Record extracts:
text \<open>Write \<open>\<chi>(z) = (-1)^{tr z}\<close>, an additive character of the field, and \<open>D t = F t + b t\<close>.
  Then \<open>W_F(bv,v) = \<Sum>\<^sub>x \<chi>(v D x)\<close>, and expanding the square and summing over \<open>v\<close> with
  the orthogonality of \<open>\<chi>\<close> gives \<open>\<Sum>\<^sub>v W_F(bv,v)\<^sup>2 = 2\<^sup>n \<cdot> #{(x,y). D x = D y}\<close>.
  Since no three points of the hyperoval are collinear, the slopes \<open>(F y - F x)/(y - x)\<close>
  of the secants through \<open>(1,x,F x)\<close> are distinct and nonzero, hence take every nonzero
  value exactly once; so \<open>D\<close> is two-to-one and there are \<open>2 \<cdot> 2\<^sup>n\<close> collisions.\<close>

subsection \<open>Fields of characteristic two\<close>

lemma one_plus_one_eq_zero_if_card_power_two:
  assumes "n \<ge> 1" and "card (UNIV :: 'a::{field,finite} set) = 2 ^ n"
  shows "(1::'a) + 1 = 0"
proof -
  have "(\<Sum>x\<in>(UNIV::'a set). x + 1) = (\<Sum>x\<in>UNIV. x)"
    by (rule sum.reindex_bij_witness[of _ "\<lambda>x. x - 1" "\<lambda>x. x + 1"]) auto
  hence "(of_nat (2 ^ n) :: 'a) = 0"
    using assms(2) by (simp add: sum.distrib)
  hence "((1::'a) + 1) ^ n = 0" by simp
  thus ?thesis by simp
qed

lemma add_self_eq_zero_char2:
  assumes "(1::'a::field) + 1 = 0"
  shows "(a::'a) + a = 0"
  using assms by (metis distrib_left mult_1_right mult_zero_right)

lemma diff_eq_add_char2:
  assumes "(1::'a::field) + 1 = 0"
  shows "(a::'a) - b = a + b"
proof -
  have "a - b = a + b - (b + b)" by simp
  then show ?thesis using add_self_eq_zero_char2[OF assms, of b] by simp
qed

lemma add_eq_0_iff_char2:
  assumes "(1::'a::field) + 1 = 0"
  shows "(a::'a) + b = 0 \<longleftrightarrow> a = b"
  using diff_eq_add_char2[OF assms, of a b] by (metis eq_iff_diff_eq_0)

lemma power_two_power_add_char2:
  assumes "(1::'a::field) + 1 = 0"
  shows "((x::'a) + y) ^ (2 ^ i) = x ^ (2 ^ i) + y ^ (2 ^ i)"
proof (induction i)
  case 0
  show ?case by simp
next
  case (Suc i)
  have square_add: "(a + b)\<^sup>2 = a\<^sup>2 + b\<^sup>2" for a b :: 'a
    using add_self_eq_zero_char2[OF assms, of "a * b"]
    by (simp add: power2_eq_square algebra_simps)
  have "(x + y) ^ (2 ^ Suc i) = ((x + y) ^ (2 ^ i))\<^sup>2"
    by (simp add: power_mult[symmetric] mult.commute)
  also have "\<dots> = (x ^ (2 ^ i))\<^sup>2 + (y ^ (2 ^ i))\<^sup>2"
    using Suc square_add by simp
  also have "\<dots> = x ^ (2 ^ Suc i) + y ^ (2 ^ Suc i)"
    by (simp add: power_mult[symmetric] mult.commute)
  finally show ?case .
qed

lemma sum_power2_char2:
  assumes "(1::'a::field) + 1 = 0"
  shows "(\<Sum>i\<in>A. (f i :: 'a))\<^sup>2 = (\<Sum>i\<in>A. (f i)\<^sup>2)"
proof (induction A rule: infinite_finite_induct)
  case (insert x A)
  then show ?case
    using power_two_power_add_char2[OF assms, of "f x" "sum f A" 1] by simp
qed auto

Exercise description: The full listing above is to be given again exactly.

Exercise output:
text \<open>Write \<open>\<chi>(z) = (-1)^{tr z}\<close>, an additive character of the field, and \<open>D t = F t + b t\<close>.
  Then \<open>W_F(bv,v) = \<Sum>\<^sub>x \<chi>(v D x)\<close>, and expanding the square and summing over \<open>v\<close> with
  the orthogonality of \<open>\<chi>\<close> gives \<open>\<Sum>\<^sub>v W_F(bv,v)\<^sup>2 = 2\<^sup>n \<cdot> #{(x,y). D x = D y}\<close>.
  Since no three points of the hyperoval are collinear, the slopes \<open>(F y - F x)/(y - x)\<close>
  of the secants through \<open>(1,x,F x)\<close> are distinct and nonzero, hence take every nonzero
  value exactly once; so \<open>D\<close> is two-to-one and there are \<open>2 \<cdot> 2\<^sup>n\<close> collisions.\<close>

subsection \<open>Fields of characteristic two\<close>

lemma one_plus_one_eq_zero_if_card_power_two:
  assumes "n \<ge> 1" and "card (UNIV :: 'a::{field,finite} set) = 2 ^ n"
  shows "(1::'a) + 1 = 0"
proof -
  have "(\<Sum>x\<in>(UNIV::'a set). x + 1) = (\<Sum>x\<in>UNIV. x)"
    by (rule sum.reindex_bij_witness[of _ "\<lambda>x. x - 1" "\<lambda>x. x + 1"]) auto
  hence "(of_nat (2 ^ n) :: 'a) = 0"
    using assms(2) by (simp add: sum.distrib)
  hence "((1::'a) + 1) ^ n = 0" by simp
  thus ?thesis by simp
qed

lemma add_self_eq_zero_char2:
  assumes "(1::'a::field) + 1 = 0"
  shows "(a::'a) + a = 0"
  using assms by (metis distrib_left mult_1_right mult_zero_right)

lemma diff_eq_add_char2:
  assumes "(1::'a::field) + 1 = 0"
  shows "(a::'a) - b = a + b"
proof -
  have "a - b = a + b - (b + b)" by simp
  then show ?thesis using add_self_eq_zero_char2[OF assms, of b] by simp
qed

lemma add_eq_0_iff_char2:
  assumes "(1::'a::field) + 1 = 0"
  shows "(a::'a) + b = 0 \<longleftrightarrow> a = b"
  using diff_eq_add_char2[OF assms, of a b] by (metis eq_iff_diff_eq_0)

lemma power_two_power_add_char2:
  assumes "(1::'a::field) + 1 = 0"
  shows "((x::'a) + y) ^ (2 ^ i) = x ^ (2 ^ i) + y ^ (2 ^ i)"
proof (induction i)
  case 0
  show ?case by simp
next
  case (Suc i)
  have square_add: "(a + b)\<^sup>2 = a\<^sup>2 + b\<^sup>2" for a b :: 'a
    using add_self_eq_zero_char2[OF assms, of "a * b"]
    by (simp add: power2_eq_square algebra_simps)
  have "(x + y) ^ (2 ^ Suc i) = ((x + y) ^ (2 ^ i))\<^sup>2"
    by (simp add: power_mult[symmetric] mult.commute)
  also have "\<dots> = (x ^ (2 ^ i))\<^sup>2 + (y ^ (2 ^ i))\<^sup>2"
    using Suc square_add by simp
  also have "\<dots> = x ^ (2 ^ Suc i) + y ^ (2 ^ Suc i)"
    by (simp add: power_mult[symmetric] mult.commute)
  finally show ?case .
qed

lemma sum_power2_char2:
  assumes "(1::'a::field) + 1 = 0"
  shows "(\<Sum>i\<in>A. (f i :: 'a))\<^sup>2 = (\<Sum>i\<in>A. (f i)\<^sup>2)"
proof (induction A rule: infinite_finite_induct)
  case (insert x A)
  then show ?case
    using power_two_power_add_char2[OF assms, of "f x" "sum f A" 1] by simp
qed auto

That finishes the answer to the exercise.